The problem: The result should be every line of the listing that contains "open".

......

lemma geom_simplicial_complexD:
  assumes "geom_simplicial_complex K"
  shows "finite K"
    and "V \<in> K \<Longrightarrow> \<not> affine_dependent V" "V \<in> K \<Longrightarrow> V \<noteq> {}"
    and "V \<in> K \<Longrightarrow> W \<subseteq> V \<Longrightarrow> W \<noteq> {} \<Longrightarrow> W \<in> K"
    and "V \<in> K \<Longrightarrow> W \<in> K \<Longrightarrow> convex hull V \<inter> convex hull W = convex hull (V \<inter> W)"
  using assms unfolding geom_simplicial_complex_def by blast+

lemma face_eq_simplex_if_meets_rel_interior:
  fixes V W :: "'a::euclidean_space set"
  assumes indep: "\<not> affine_dependent V" and WV: "W \<subseteq> V"
    and x: "x \<in> convex hull W" "x \<in> rel_interior (convex hull V)"
  shows "convex hull W = convex hull V"
proof (rule ccontr)
  assume "convex hull W \<noteq> convex hull V"
  moreover have "convex hull W face_of convex hull V"
    using face_of_convex_hull_affine_independent[OF indep] WV by blast
  ultimately show False
    using face_of_disjoint_rel_interior x by blast
qed

text \<open>Distinct simplices of a complex have disjoint relative interiors: a common point
  would lie in the face spanned by \<open>V \<inter> W\<close>, forcing both simplices to equal that face,
  and a simplex determines its vertex set (its extreme points).\<close>

lemma complex_rel_interiors_disjoint:
  assumes K: "geom_simplicial_complex K" and V: "V \<in> K" and W: "W \<in> K"
    and x: "x \<in> rel_interior (convex hull V)" "x \<in> rel_interior (convex hull W)"
  shows "V = W"
proof -
  note KD = geom_simplicial_complexD[OF K]
  have "x \<in> convex hull (V \<inter> W)"
    using x rel_interior_subset KD(5)[OF V W] by blast
  then have "convex hull (V \<inter> W) = convex hull V" "convex hull (V \<inter> W) = convex hull W"
    using face_eq_simplex_if_meets_rel_interior[OF KD(2)[OF V], of "V \<inter> W"]
      face_eq_simplex_if_meets_rel_interior[OF KD(2)[OF W], of "V \<inter> W"] x by auto
  then have "convex hull V = convex hull W" by simp
  moreover have "U = {p. p extreme_point_of convex hull U}" if "U \<in> K" for U
    using extreme_point_of_convex_hull_affine_independent[OF KD(2)[OF that]] by simp
  ultimately show "V = W" using V W by metis
qed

......

Solution:
text \<open>Distinct simplices of a complex have disjoint relative interiors: a common point
  would lie in the face spanned by \<open>V \<inter> W\<close>, forcing both simplices to equal that face,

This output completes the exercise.